Operando num espaço multifacetado, no qual tudo é reversível, pois cada ponto de partida pode ser o de
chegada, Pedro Tudela aborda o som como matéria plástica, como médium de expressão. Expondo os objetos a
múltiplas ambiências sonoro-musicais que penetram e alteram a sua apreensão, incentiva deslocações do centro
de gravidade visual para zonas mais abstratas e variáveis de compreensão. Realça a rutura, o corte
epistemológico, provocado pelo contacto do elemento sonoro com a morfologia do objeto, evitando estereótipos,
fixação de uma obra numa forma absoluta e definitiva. Usa estratégias de desestruturação sobre a linearidade e a
continuidade da relação entre a imagem e a palavra, inserindo no espaço visual um novo código de leitura.
Organiza formas sonoras e visuais coexistentes, conteúdos ou elementos funcionais inacessíveis à razão, cuja
verdade e necessidade de ordenação podem ter uma origem racional. Explora a disjunção como tática de
inversão das lógicas de compreensão, enfatizando a visibilidade e significação do todo interativo
som/imagem/palavra. Justapondo linguagens liberta sensações aleatórias e perceções intuitivas que contrariam
a vinculação do objeto à sua forma ou à função determinada pelo valor da sua utilização. Agindo dialeticamente
sobre a ligação entre forma e conteúdo, incentiva novas recriações a partir das reminiscências dos materiais
trabalhados, o que confere autenticidade à obra, pois desincorpora-a dos valores de uso tradicionalmente
incensados por um sistema de arte gerida pela mesma lógica das forças de mercado.

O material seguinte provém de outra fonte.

text \<open>If \<open>e p \<ge> -1\<close>, a nonzero limit at \<open>+\<infinity>\<close> would make \<open>|g \<langle>x\<rangle>\<^sup>e|\<^sup>p \<ge> c/(1+x)\<close> near \<open>+\<infinity>\<close>.\<close>
lemma in_wLp_limit_at_top_eq_0:
  fixes p e L :: real and g G :: "real \<Rightarrow> real"
  assumes p: "0 < p" and e: "-1 \<le> e * p" and g: "in_wLp p e g"
    and lim: "(G \<longlongrightarrow> L) at_top" and Gg: "\<And>y. \<bar>G y\<bar> \<le> \<bar>g y\<bar>"
  shows "L = 0"
proof (rule ccontr)
  assume L: "L \<noteq> 0"
  define c where "c = \<bar>L\<bar>/2"
  have c: "0 < c" using L by (simp add: c_def)
  have "eventually (\<lambda>y. dist (G y) L < c) at_top"
    using lim c by (rule tendstoD)
  then obtain Y0 where Y0: "\<And>y. Y0 \<le> y \<Longrightarrow> dist (G y) L < c"
    by (auto simp: eventually_at_top_linorder)
  define Y where "Y = max Y0 0"
  have gY: "c \<le> \<bar>g y\<bar>" if "Y \<le> y" for y
    using Y0[of y] that Gg[of y] unfolding Y_def c_def dist_real_def by linarith
  have [measurable]: "g \<in> borel_measurable borel" using g by (simp add: in_wLp_def)
  have "(\<integral>\<^sup>+t. ennreal (c powr p / (1+t)) * indicator {Y..} t \<partial>lborel) \<le>
        (\<integral>\<^sup>+t. ennreal (norm (\<bar>g t * jb t powr e\<bar> powr p)) \<partial>lborel)"
  proof (intro nn_integral_mono)
    fix t
    show "ennreal (c powr p / (1+t)) * indicator {Y..} t \<le> ennreal (norm (\<bar>g t * jb t powr e\<bar> powr p))"
    proof (cases "Y \<le> t")
      case True
      then have t: "0 \<le> t" by (simp add: Y_def)
      have "c powr p / (1+t) = c powr p * (1/(1+t))" by simp
      also have "\<dots> \<le> \<bar>g t\<bar> powr p * jb t powr (e*p)"
        using gY[OF True] c p inverse_one_plus_le_jb_powr[OF t e] t by (intro mult_mono powr_mono2) auto
      also have "\<dots> = \<bar>g t * jb t powr e\<bar> powr p"
        using jb_pos[of t] by (simp add: abs_mult powr_mult powr_powr)
      finally show ?thesis using True by (auto intro: ennreal_leI)
    qed auto
  qed
  moreover have "(\<integral>\<^sup>+t. ennreal (c powr p / (1+t)) * indicator {Y..} t \<partial>lborel) = \<infinity>"
    using c by (intro nn_integral_inverse_one_plus_infinite) (auto simp: Y_def)
  moreover have "(\<integral>\<^sup>+t. ennreal (norm (\<bar>g t * jb t powr e\<bar> powr p)) \<partial>lborel) < \<infinity>"
    using g unfolding in_wLp_def integrable_iff_bounded by auto
  ultimately show False by (simp add: top_unique)
qed
lemma Psi_plus_initially_positive_if_microphase:
  assumes "\<Delta> \<in> Ds" "(J2, J4) \<in> Js" "microphase B C \<Delta> J2 J4"
  shows "initially_positive (Psi_plus B C Ds Js)"
  using det_initially_positive_if_microphase[OF assms] Psi_bounds(2)[OF assms(1,2)]
  unfolding initially_positive_def by (meson less_le_trans)

lemma microphase_if_Psi_minus_sign_change:
  assumes "initially_positive (Psi_minus B C Ds Js)" and "neg_sign_change (Psi_minus B C Ds Js)"
  shows "\<exists>\<Delta>\<in>Ds. \<exists>(J2, J4)\<in>Js. microphase B C \<Delta> J2 J4"
proof -
  obtain k2 where k2: "k2 \<ge> 0" "Psi_minus B C Ds Js k2 < 0"
    using neg_value_if_neg_sign_change[OF assms(2)] by blast
  obtain \<Delta> J2 J4 where vertex: "\<Delta> \<in> vertD m Dlo Dhi" "(J2, J4) \<in> vertJ n alo ahi blo bhi"
    and attained: "Psi_minus B C Ds Js k2 = det (- sysmat B C \<Delta> J2 J4 k2)"
    using Psi_minus_attained by blast
  then have box: "\<Delta> \<in> Ds" "(J2, J4) \<in> Js"
    using vertD_subset vertJ_subset by auto
  have "initially_positive (\<lambda>\<kappa>. det (- sysmat B C \<Delta> J2 J4 \<kappa>))"
    using assms(1) Psi_bounds(1)[OF box] unfolding initially_positive_def by (meson less_le_trans)
  then have "microphase B C \<Delta> J2 J4"
    using microphase_if_det_sign_change[OF box _ k2(1)] k2(2) attained by simp
  with box show ?thesis
    by blast
qed

lemma microphase_if_Psi_plus_sign_change:
  assumes "initially_positive (Psi_plus B C Ds Js)" and "neg_sign_change (Psi_plus B C Ds Js)"
  shows "\<exists>\<Delta>\<in>Ds. \<exists>(J2, J4)\<in>Js. microphase B C \<Delta> J2 J4"
proof -
  obtain k2 where k2: "k2 \<ge> 0" "Psi_plus B C Ds Js k2 < 0"
    using neg_value_if_neg_sign_change[OF assms(2)] by blast
  obtain \<Delta> J2 J4 where vertex: "\<Delta> \<in> vertD m Dlo Dhi" "(J2, J4) \<in> vertJ n alo ahi blo bhi"
    and pos: "initially_positive (\<lambda>\<kappa>. det (- sysmat B C \<Delta> J2 J4 \<kappa>))"
    using initially_positive_vertex_if_Psi_plus[OF assms(1)] by blast
  then have box: "\<Delta> \<in> Ds" "(J2, J4) \<in> Js"
    using vertD_subset vertJ_subset by auto
  have "microphase B C \<Delta> J2 J4"
    using microphase_if_det_sign_change[OF box pos k2(1)] Psi_bounds(2)[OF box, of k2] k2(2) by simp
  with box show ?thesis
    by blast
qed

lemma microphase_everywhere_if_Psi_minus_pos_Psi_plus_sign_change:
  assumes "initially_positive (Psi_minus B C Ds Js)" and "neg_sign_change (Psi_plus B C Ds Js)"
    and box: "\<Delta> \<in> Ds" "(J2, J4) \<in> Js"
  shows "microphase B C \<Delta> J2 J4"
proof -
  obtain k2 where k2: "k2 \<ge> 0" "Psi_plus B C Ds Js k2 < 0"
    using neg_value_if_neg_sign_change[OF assms(2)] by blast
  have "initially_positive (\<lambda>\<kappa>. det (- sysmat B C \<Delta> J2 J4 \<kappa>))"
    using assms(1) Psi_bounds(1)[OF box] unfolding initially_positive_def by (meson less_le_trans)
  then show ?thesis
    using microphase_if_det_sign_change[OF box _ k2(1)] Psi_bounds(2)[OF box, of k2] k2(2) by simp
qed

end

Esta exposição não pretende realizar uma leitura histórica nem fazer um cronograma abreviado de um longo
percurso de exploração sobre as múltiplas conexões entre o campo sonoro, o visual e a palavra, tópicos
trabalhados pela artista. Não deseja sequer apresentar uma seleção exemplificativa do que foram ou são as
abordagens do seu ofício multidisciplinar. Apenas procura, numa realidade alheada, saturada, fugidia e
movediça, quase insonorizada pelo excesso de discursos, de imagens e sons, abrir pequenos hiatos de
inteligibilidade de uma produção artística vasta e singular, centrada no significado da audição. Tem ainda como
objetivo efetuar um amplo processo de atuação crítica, provocando reações e dissensões sobre uma realidade que
produz demasiados objetos de consumo com a promessa de proporcionar prazer e satisfação, quando na
verdade, reproduz a sua falta.


(1) Pierre Schaeffer, «La sévère mission de la musique», Revue d’esthétique, Musiques nouvelles, Ed. Klincksieck, Paris,1968, p.